## What needs to be done
Taking the line with "then obtain u" as the first and the line with "imports Defs" as the last, set down exactly every line in that range from the entries below, and no more.

(Stored data)
▶
lemma share_curve_around_zero_real_reparam:
  fixes f g :: "real \<Rightarrow> 'a" and p r :: "real \<Rightarrow> real"
  assumes "0 < \<delta>" and eq: "\<And>s. s \<in> {-\<delta><..<\<delta>} \<Longrightarrow> f (p s) = g (r s)"
    and "continuous_on {-\<delta><..<\<delta>} p" "continuous_on {-\<delta><..<\<delta>} r" "p 0 = 0" "r 0 = 0"
    and p_mono: "strict_mono_on {-\<delta><..<\<delta>} p" and r_mono: "strict_mono_on {-\<delta><..<\<delta>} r"
  shows "share_curve_around_zero_real f g"
  unfolding share_curve_around_zero_real_def
proof (intro allI impI)
  fix \<epsilon> :: real assume "0 < \<epsilon>"
  have "isCont p 0" "isCont r 0"
    using assms(1,3,4) by (auto simp: continuous_on_eq_continuous_at)
  then have "\<forall>\<^sub>F x in at_right 0. \<bar>p x\<bar> < \<epsilon>/2 \<and> \<bar>p (-x)\<bar> < \<epsilon>/2"
    "\<forall>\<^sub>F x in at_right 0. \<bar>r x\<bar> < \<epsilon>/2 \<and> \<bar>r (-x)\<bar> < \<epsilon>/2"
    using assms(5,6) \<open>0 < \<epsilon>\<close> eventually_at_right_both_sides[of p "\<epsilon>/2"]
      eventually_at_right_both_sides[of r "\<epsilon>/2"]
    by simp_all
  moreover have "\<forall>\<^sub>F x in at_right 0. 0 < x \<and> x < \<delta>"
    using assms(1) by (auto simp: eventually_at_right_field)
  ultimately have "\<forall>\<^sub>F x in at_right 0. 0 < x \<and> x < \<delta> \<and> \<bar>p x\<bar> < \<epsilon>/2 \<and> \<bar>p (-x)\<bar> < \<epsilon>/2 \<and>
      \<bar>r x\<bar> < \<epsilon>/2 \<and> \<bar>r (-x)\<bar> < \<epsilon>/2"
    by eventually_elim auto
  then obtain x where x: "0 < x" "x < \<delta>" "\<bar>p x\<bar> < \<epsilon>/2" "\<bar>p (-x)\<bar> < \<epsilon>/2"
      "\<bar>r x\<bar> < \<epsilon>/2" "\<bar>r (-x)\<bar> < \<epsilon>/2"
    using eventually_happens'[OF trivial_limit_at_right_real] by blast
  have sub: "{-x..x} \<subseteq> {-\<delta><..<\<delta>}"
    using x by auto
  have "p ` {-x<..<x} = {p (-x)<..<p x}" "r ` {-x<..<x} = {r (-x)<..<r x}"
    using x(1) continuous_on_subset[OF assms(3) sub] continuous_on_subset[OF assms(4) sub]
      monotone_on_subset[OF p_mono sub] monotone_on_subset[OF r_mono sub]
    by (simp_all add: continuous_strict_mono_on_image(1))
  moreover have "f ` p ` {-x<..<x} = g ` r ` {-x<..<x}"
    unfolding image_image using x(1,2) by (intro image_cong refl eq) auto
  moreover have "p (-x) < 0" "0 < p x" "r (-x) < 0" "0 < r x"
    using x(1,2) assms(5,6) strict_mono_onD[OF p_mono, of "-x" 0] strict_mono_onD[OF p_mono, of 0 x]
      strict_mono_onD[OF r_mono, of "-x" 0] strict_mono_onD[OF r_mono, of 0 x]
    by auto
  ultimately show "\<exists>a b c d. a < 0 \<and> 0 < b \<and> b - a < \<epsilon> \<and> c < 0 \<and> 0 < d \<and> d - c < \<epsilon> \<and>
      f ` {a<..<b} = g ` {c<..<d}"
    using x by (intro exI[of _ "p (-x)"] exI[of _ "p x"] exI[of _ "r (-x)"] exI[of _ "r x"]) auto
qed
lemma bounded_clinear_imp_bounded_linear:
  assumes f: "bounded_clinear f"
  shows "bounded_linear f"
proof -
  obtain C where "\<And>x. norm (f x) \<le> norm x * C"
    using f unfolding bounded_clinear_def by blast
  then show ?thesis
    using bounded_clinear_add[OF f] bounded_clinear_scaleR[OF f] by (intro bounded_linear_intro) auto
qed

lemma scaleR_scaleC_commute: "r *\<^sub>R scaleC c x = scaleC c (r *\<^sub>R (x::'a::complex_vector))"
  by (simp add: scaleR_scaleC scaleC_scaleC mult.commute)

lemma bounded_clinear_scaleR_compose:
  assumes f: "bounded_clinear f"
  shows "bounded_clinear (\<lambda>y. k *\<^sub>R f y)"
proof -
  obtain C where "\<And>x. norm (f x) \<le> norm x * C"
    using f unfolding bounded_clinear_def by blast
  then have "norm (k *\<^sub>R f x) \<le> norm x * (\<bar>k\<bar> * C)" for x
    using mult_left_mono[of "norm (f x)" "norm x * C" "\<bar>k\<bar>"] by (simp add: mult_ac)
  then show ?thesis
    using f unfolding bounded_clinear_def clinear_def by (auto simp: scaleR_add_right scaleR_scaleC_commute)
qed

lemma exists_adjoint_vector:
  fixes V :: "'a::chilbert_space \<Rightarrow> 'b::complex_inner"
  assumes V: "bounded_clinear V"
  shows "\<exists>u. \<forall>x. cinner (V x) y = cinner x u"
proof -
  have V_lin: "bounded_linear V"
    using V by (rule bounded_clinear_imp_bounded_linear)
  have "bounded_linear (\<lambda>x. Re (cinner y (V x)))"
  proof (rule bounded_linear_intro)
    show "norm (Re (cinner y (V x))) \<le> norm x * (norm y * onorm V)" for x
      using abs_Re_cinner_le_norm[of y "V x"] mult_left_mono[OF onorm[OF V_lin, of x], of "norm y"]
      by (simp add: mult_ac)
  qed (simp_all add: linear_simps[OF V_lin] cinner_add_right cinner_scaleR_right)
  then obtain u where u: "\<And>x. Re (cinner y (V x)) = Re (cinner u x)"
    using riesz_representation_Re by blast
  have "cinner y (V x) = cinner u x" for x
  proof (rule complex_eqI)
    show "Re (cinner y (V x)) = Re (cinner u x)"
      by (rule u)
    show "Im (cinner y (V x)) = Im (cinner u x)"
      using u[of "scaleC \<i> x"] by (simp add: bounded_clinear_scaleC[OF V] cinner_scaleC_right)
  qed
  then have "cinner (V x) y = cinner x u" for x
    by (metis cinner_conj)
  then show ?thesis
    by blast
qed
(* Let $\Pi_0\preceq\Pi_1\preceq\cdots$ be a sequence of orthogonal projectors on a Hilbert space $\mathcal H$, and let $A_1,\dots,A_t$ be operators on $\mathcal H$ with $\|A_i\|_{\mathrm{op}}\le1$ such that for all integers $a,b\ge0$ and all $i$, $\|(\mathrm{id}-\Pi_{a+b})A_i\Pi_a\|_{\mathrm{op}}\le\varepsilon^{b+1}$. Then for every integer $\lambda\ge0$ and every state $|\psi\rangle$ with $\Pi_0|\psi\rangle=|\psi\rangle$, $$\big\|(\mathrm{id}-\Pi_\lambda)A_t\cdots A_1|\psi\rangle\big\|\le\binom{t+\lambda}{t-1}\varepsilon^{\lambda+1}.$$ *)

theory Defs
  imports "HOL-Analysis.Analysis"
begin

definition orth_proj :: "('a::{real_inner,complete_space} \<Rightarrow>\<^sub>L 'a) \<Rightarrow> bool" where
  "orth_proj P \<longleftrightarrow> P o\<^sub>L P = P \<and> (\<forall>x y. inner (P x) y = inner x (P y))"

text \<open>Loewner order on orthogonal projectors: P below Q iff range P is contained in range Q,
  i.e. Q P = P.\<close>
definition proj_le :: "('a::{real_inner,complete_space} \<Rightarrow>\<^sub>L 'a) \<Rightarrow> ('a \<Rightarrow>\<^sub>L 'a) \<Rightarrow> bool" where
  "proj_le P Q \<longleftrightarrow> Q o\<^sub>L P = P"

fun op_prod :: "(nat \<Rightarrow> ('a::real_normed_vector \<Rightarrow>\<^sub>L 'a)) \<Rightarrow> nat \<Rightarrow> ('a \<Rightarrow>\<^sub>L 'a)" where
  "op_prod A 0 = id_blinfun"
| "op_prod A (Suc n) = A (Suc n) o\<^sub>L op_prod A n"

end

theory Submission
  imports Defs
begin

text \<open>
  Let y_k = A_k ... A_1 psi and let c k m bound the leakage norm ((id - Pi_m) y_k) in units of
  eps^(m+1). Split y_k along the telescoping sum
  y = Pi_0 y + (sum over j < lam of Pi_(j+1) (id - Pi_j) y) + (id - Pi_lam) y and apply A_(k+1):
  the first piece leaks at most eps^(lam+1), the j-th at most eps^(lam-j) * c k j * eps^(j+1),
  and the last at most c k lam * eps^(lam+1) because norm A_(k+1) <= 1. Hence
  c (k+1) lam = 1 + (sum over j <= lam of c k j) with c 0 = 0, and the hockey-stick identity
  solves this recursion as c k lam = (k + lam) choose (k - 1).
\<close>

fun leak_coeff :: "nat \<Rightarrow> nat \<Rightarrow> nat" where
  "leak_coeff 0 m = 0"
| "leak_coeff (Suc k) m = 1 + (\<Sum>j\<le>m. leak_coeff k j)"

lemma hockey_stick_Suc:
  "1 + (\<Sum>j\<le>m. (Suc q + j) choose q) = (Suc (Suc q) + m) choose (Suc q)"
  by (induction m) simp_all

lemma leak_coeff_Suc_eq_binomial: "leak_coeff (Suc q) m = (Suc q + m) choose q"
proof (induction q arbitrary: m)
  case 0
  show ?case by simp
next
  case (Suc q)
  show ?case
    using Suc.IH hockey_stick_Suc[where m=m and q=q] by simp
qed

(* Only an inequality: for k = 0 the truncated k - 1 makes the right-hand side 1. *)
lemma leak_coeff_le_binomial: "leak_coeff k m \<le> (k + m) choose (k - 1)"
  by (cases k) (simp_all del: leak_coeff.simps(2) add: leak_coeff_Suc_eq_binomial)

lemma orth_proj_idem:
  assumes "orth_proj P"
  shows "P (P x) = P x"
  using assms unfolding orth_proj_def by (metis blinfun_apply_blinfun_compose)

lemma orth_proj_complement_norm_le:
  assumes "orth_proj P"
  shows "norm ((id_blinfun - P) x) \<le> norm x"
proof -
  have "inner (P x) (P x) = inner x (P (P x))"
    using assms unfolding orth_proj_def by blast
  then have "orthogonal (x - P x) (P x)"
    using orth_proj_idem[OF assms] by (simp add: orthogonal_def inner_diff_left)
  then have "(norm x)\<^sup>2 = (norm (x - P x))\<^sup>2 + (norm (P x))\<^sup>2"
    using norm_add_Pythagorean by fastforce
  then have "(norm (x - P x))\<^sup>2 \<le> (norm x)\<^sup>2"
    by simp
  then have "norm (x - P x) \<le> norm x"
    by (rule power2_le_imp_le) simp
  then show ?thesis
    by (simp add: blinfun.diff_left)
qed

lemma proj_chain_absorb:
  assumes proj: "\<And>n. orth_proj (P n)"
    and mono: "\<And>n. proj_le (P n) (P (Suc n))"
    and "n \<le> m"
  shows "P m (P n x) = P n x"
  using \<open>n \<le> m\<close>
proof (induction m rule: dec_induct)
  case base
  show ?case by (rule orth_proj_idem[OF proj])
next
  case (step m)
  have "P (Suc m) (P m y) = P m y" for y
    using mono[of m] unfolding proj_le_def by (metis blinfun_apply_blinfun_compose)
  then show ?case using step.IH by metis
qed

lemma proj_chain_telescope:
  assumes proj: "\<And>n. orth_proj (P n)"
    and mono: "\<And>n. proj_le (P n) (P (Suc n))"
  shows "y = P 0 y + (\<Sum>j<l. P (Suc j) ((id_blinfun - P j) y)) + (id_blinfun - P l) y"
proof -
  have "P (Suc j) (P j y) = P j y" for j
    using proj_chain_absorb[of P, OF proj mono, of j "Suc j"] by simp
  moreover have "(\<Sum>j<l. P (Suc j) y - P j y) = P l y - P 0 y"
    by (rule sum_lessThan_telescope)
  ultimately show ?thesis
    by (simp add: blinfun.diff_left blinfun.diff_right)
qed

lemma leak_from_level:
  assumes leak: "\<And>a b. norm ((id_blinfun - P (a + b)) o\<^sub>L B o\<^sub>L P a) \<le> \<epsilon> ^ (b + 1)"
    and "a \<le> l"
  shows "norm ((id_blinfun - P l) (B (P a z))) \<le> \<epsilon> ^ (l - a + 1) * norm z"
proof -
  have "norm ((id_blinfun - P l) (B (P a z))) = norm (((id_blinfun - P l) o\<^sub>L B o\<^sub>L P a) z)"
    by simp
  also have "\<dots> \<le> norm ((id_blinfun - P l) o\<^sub>L B o\<^sub>L P a) * norm z"
    by (rule norm_blinfun)
  also have "\<dots> \<le> \<epsilon> ^ (l - a + 1) * norm z"
    using leak[of a "l - a"] \<open>a \<le> l\<close> by (intro mult_right_mono) simp_all
  finally show ?thesis .
qed

lemma leak_one_gate:
  fixes P :: "nat \<Rightarrow> ('a::{real_inner,complete_space} \<Rightarrow>\<^sub>L 'a)"
  assumes proj: "\<And>n. orth_proj (P n)"
    and mono: "\<And>n. proj_le (P n) (P (Suc n))"
    and eps: "0 \<le> \<epsilon>"
    and normB: "norm B \<le> 1"
    and leak: "\<And>a b. norm ((id_blinfun - P (a + b)) o\<^sub>L B o\<^sub>L P a) \<le> \<epsilon> ^ (b + 1)"
    and normy: "norm y \<le> 1"
    and leaky: "\<And>j. norm ((id_blinfun - P j) y) \<le> c j * \<epsilon> ^ (j + 1)"
  shows "norm ((id_blinfun - P l) (B y)) \<le> (1 + (\<Sum>j\<le>l. c j)) * \<epsilon> ^ (l + 1)"
proof -
  define T where "T z = (id_blinfun - P l) (B z)" for z
  define y' where "y' j = P (Suc j) ((id_blinfun - P j) y)" for j
  have split: "T y = T (P 0 y) + (\<Sum>j<l. T (y' j)) + T ((id_blinfun - P l) y)"
    unfolding T_def y'_def
    by (subst proj_chain_telescope[of P, OF proj mono, of y l])
      (simp add: blinfun.add_right blinfun.sum_right)
  have head: "norm (T (P 0 y)) \<le> \<epsilon> ^ (l + 1)"
  proof -
    have "norm (T (P 0 y)) \<le> \<epsilon> ^ (l + 1) * norm y"
      using leak_from_level[OF leak, of 0 l y] unfolding T_def by simp
    also have "\<dots> \<le> \<epsilon> ^ (l + 1)"
      by (rule mult_left_le) (simp_all add: normy eps)
    finally show ?thesis .
  qed
  have middle: "norm (T (y' j)) \<le> c j * \<epsilon> ^ (l + 1)" if "j < l" for j
  proof -
    have exp: "l - Suc j + 1 = l - j" "l - j + (j + 1) = l + 1"
      using that by simp_all
    have "norm (T (y' j)) \<le> \<epsilon> ^ (l - j) * norm ((id_blinfun - P j) y)"
      using leak_from_level[OF leak, of "Suc j" l] that unfolding T_def y'_def exp(1) by simp
    also have "\<dots> \<le> \<epsilon> ^ (l - j) * (c j * \<epsilon> ^ (j + 1))"
      by (rule mult_left_mono[OF leaky]) (simp add: eps)
    also have "\<dots> = c j * \<epsilon> ^ (l + 1)"
      by (simp only: exp(2)[symmetric] power_add mult_ac)
    finally show ?thesis .
  qed
  have tail: "norm (T ((id_blinfun - P l) y)) \<le> c l * \<epsilon> ^ (l + 1)"
  proof -
    have "norm (T ((id_blinfun - P l) y)) \<le> norm (B ((id_blinfun - P l) y))"
      unfolding T_def by (rule orth_proj_complement_norm_le[OF proj])
    also have "\<dots> \<le> norm B * norm ((id_blinfun - P l) y)"
      by (rule norm_blinfun)
    also have "\<dots> \<le> norm ((id_blinfun - P l) y)"
      using normB by (simp add: mult_left_le_one_le)
    finally show ?thesis
      using leaky[of l] by simp
  qed
  have "norm (\<Sum>j<l. T (y' j)) \<le> (\<Sum>j<l. c j * \<epsilon> ^ (l + 1))"
    using middle by (intro order_trans[OF norm_sum] sum_mono) simp
  moreover have "norm (T y) \<le> norm (T (P 0 y)) + norm (\<Sum>j<l. T (y' j))
      + norm (T ((id_blinfun - P l) y))"
    unfolding split by (rule order_trans[OF norm_triangle_ineq add_right_mono[OF norm_triangle_ineq]])
  ultimately have "norm (T y) \<le> \<epsilon> ^ (l + 1) + (\<Sum>j<l. c j * \<epsilon> ^ (l + 1)) + c l * \<epsilon> ^ (l + 1)"
    using head tail by linarith
  also have "\<dots> = (1 + (\<Sum>j\<le>l. c j)) * \<epsilon> ^ (l + 1)"
    by (simp add: lessThan_Suc_atMost[symmetric] sum_distrib_right[symmetric] distrib_right)
  finally show ?thesis
    unfolding T_def .
qed

lemma norm_op_prod_le_one:
  assumes "\<And>i. i \<in> {1..k} \<Longrightarrow> norm (A i) \<le> 1"
  shows "norm (op_prod A k) \<le> 1"
  using assms
proof (induction k)
  case 0
  show ?case by (simp add: norm_blinfun_id_le)
next
  case (Suc k)
  have "norm (op_prod A (Suc k)) \<le> norm (A (Suc k)) * norm (op_prod A k)"
    by (simp add: norm_blinfun_compose)
  also have "\<dots> \<le> 1"
    using Suc by (intro mult_le_one) auto
  finally show ?case .
qed

lemma op_prod_leak_le:
  fixes P :: "nat \<Rightarrow> ('a::{real_inner,complete_space} \<Rightarrow>\<^sub>L 'a)"
  assumes proj: "\<And>n. orth_proj (P n)"
    and mono: "\<And>n. proj_le (P n) (P (Suc n))"
    and eps: "0 \<le> \<epsilon>"
    and normA: "\<And>i. i \<in> {1..k} \<Longrightarrow> norm (A i) \<le> 1"
    and leak: "\<And>i a b. i \<in> {1..k} \<Longrightarrow>
                 norm ((id_blinfun - P (a + b)) o\<^sub>L A i o\<^sub>L P a) \<le> \<epsilon> ^ (b + 1)"
    and norm\<psi>: "norm \<psi> \<le> 1"
    and init: "P 0 \<psi> = \<psi>"
  shows "norm ((id_blinfun - P l) (op_prod A k \<psi>)) \<le> real (leak_coeff k l) * \<epsilon> ^ (l + 1)"
  using normA leak
proof (induction k arbitrary: l)
  case 0
  have "P l \<psi> = \<psi>"
    using proj_chain_absorb[of P, OF proj mono, of 0 l \<psi>] init by simp
  then show ?case
    by (simp add: blinfun.diff_left)
next
  case (Suc k)
  have "norm (op_prod A k) \<le> 1"
    using Suc.prems(1) by (intro norm_op_prod_le_one) simp
  then have "norm (op_prod A k) * norm \<psi> \<le> 1"
    using norm\<psi> by (simp add: mult_le_one)
  then have "norm (op_prod A k \<psi>) \<le> 1"
    using norm_blinfun[of "op_prod A k" \<psi>] by linarith
  moreover have "norm ((id_blinfun - P j) (op_prod A k \<psi>)) \<le> real (leak_coeff k j) * \<epsilon> ^ (j + 1)"
    for j
    using Suc by simp
  ultimately have "norm ((id_blinfun - P l) (A (Suc k) (op_prod A k \<psi>)))
      \<le> (1 + (\<Sum>j\<le>l. real (leak_coeff k j))) * \<epsilon> ^ (l + 1)"
    using Suc.prems by (intro leak_one_gate[of P, OF proj mono eps]) simp_all
  then show ?case
    by simp
qed

theorem mainTheorem17:
  fixes Pr :: "nat \<Rightarrow> ('a::{real_inner,complete_space} \<Rightarrow>\<^sub>L 'a)"
    and A :: "nat \<Rightarrow> ('a \<Rightarrow>\<^sub>L 'a)"
    and t :: nat and \<epsilon> :: real
  assumes proj: "\<And>n. orth_proj (Pr n)"
    and mono: "\<And>n. proj_le (Pr n) (Pr (Suc n))"
    and eps: "0 \<le> \<epsilon>"
    and normA: "\<And>i. i \<in> {1..t} \<Longrightarrow> norm (A i) \<le> 1"
    and leak: "\<And>i a b. i \<in> {1..t} \<Longrightarrow>
                 norm ((id_blinfun - Pr (a + b)) o\<^sub>L A i o\<^sub>L Pr a) \<le> \<epsilon> ^ (b + 1)"
  shows "\<forall>(lam::nat) (\<psi>::'a). norm \<psi> = 1 \<longrightarrow> Pr 0 \<psi> = \<psi> \<longrightarrow>
           norm ((id_blinfun - Pr lam) (op_prod A t \<psi>))
             \<le> real ((t + lam) choose (t - 1)) * \<epsilon> ^ (lam + 1)"
proof (intro allI impI)
  fix lam :: nat and \<psi> :: 'a
  assume "norm \<psi> = 1" and "Pr 0 \<psi> = \<psi>"
  then have "norm ((id_blinfun - Pr lam) (op_prod A t \<psi>)) \<le> real (leak_coeff t lam) * \<epsilon> ^ (lam + 1)"
    by (intro op_prod_leak_le[OF proj mono eps normA leak]) simp_all
  also have "\<dots> \<le> real ((t + lam) choose (t - 1)) * \<epsilon> ^ (lam + 1)"
    using eps leak_coeff_le_binomial by (intro mult_right_mono) simp_all
  finally show "norm ((id_blinfun - Pr lam) (op_prod A t \<psi>))
      \<le> real ((t + lam) choose (t - 1)) * \<epsilon> ^ (lam + 1)" .
qed

end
◀
## Exercise solution
  then obtain u where u: "\<And>x. Re (cinner y (V x)) = Re (cinner u x)"
    using riesz_representation_Re by blast
  have "cinner y (V x) = cinner u x" for x
  proof (rule complex_eqI)
    show "Re (cinner y (V x)) = Re (cinner u x)"
      by (rule u)
    show "Im (cinner y (V x)) = Im (cinner u x)"
      using u[of "scaleC \<i> x"] by (simp add: bounded_clinear_scaleC[OF V] cinner_scaleC_right)
  qed
  then have "cinner (V x) y = cinner x u" for x
    by (metis cinner_conj)
  then show ?thesis
    by blast
qed
(* Let $\Pi_0\preceq\Pi_1\preceq\cdots$ be a sequence of orthogonal projectors on a Hilbert space $\mathcal H$, and let $A_1,\dots,A_t$ be operators on $\mathcal H$ with $\|A_i\|_{\mathrm{op}}\le1$ such that for all integers $a,b\ge0$ and all $i$, $\|(\mathrm{id}-\Pi_{a+b})A_i\Pi_a\|_{\mathrm{op}}\le\varepsilon^{b+1}$. Then for every integer $\lambda\ge0$ and every state $|\psi\rangle$ with $\Pi_0|\psi\rangle=|\psi\rangle$, $$\big\|(\mathrm{id}-\Pi_\lambda)A_t\cdots A_1|\psi\rangle\big\|\le\binom{t+\lambda}{t-1}\varepsilon^{\lambda+1}.$$ *)

theory Defs
  imports "HOL-Analysis.Analysis"
begin

definition orth_proj :: "('a::{real_inner,complete_space} \<Rightarrow>\<^sub>L 'a) \<Rightarrow> bool" where
  "orth_proj P \<longleftrightarrow> P o\<^sub>L P = P \<and> (\<forall>x y. inner (P x) y = inner x (P y))"

text \<open>Loewner order on orthogonal projectors: P below Q iff range P is contained in range Q,
  i.e. Q P = P.\<close>
definition proj_le :: "('a::{real_inner,complete_space} \<Rightarrow>\<^sub>L 'a) \<Rightarrow> ('a \<Rightarrow>\<^sub>L 'a) \<Rightarrow> bool" where
  "proj_le P Q \<longleftrightarrow> Q o\<^sub>L P = P"

fun op_prod :: "(nat \<Rightarrow> ('a::real_normed_vector \<Rightarrow>\<^sub>L 'a)) \<Rightarrow> nat \<Rightarrow> ('a \<Rightarrow>\<^sub>L 'a)" where
  "op_prod A 0 = id_blinfun"
| "op_prod A (Suc n) = A (Suc n) o\<^sub>L op_prod A n"

end

theory Submission
  imports Defs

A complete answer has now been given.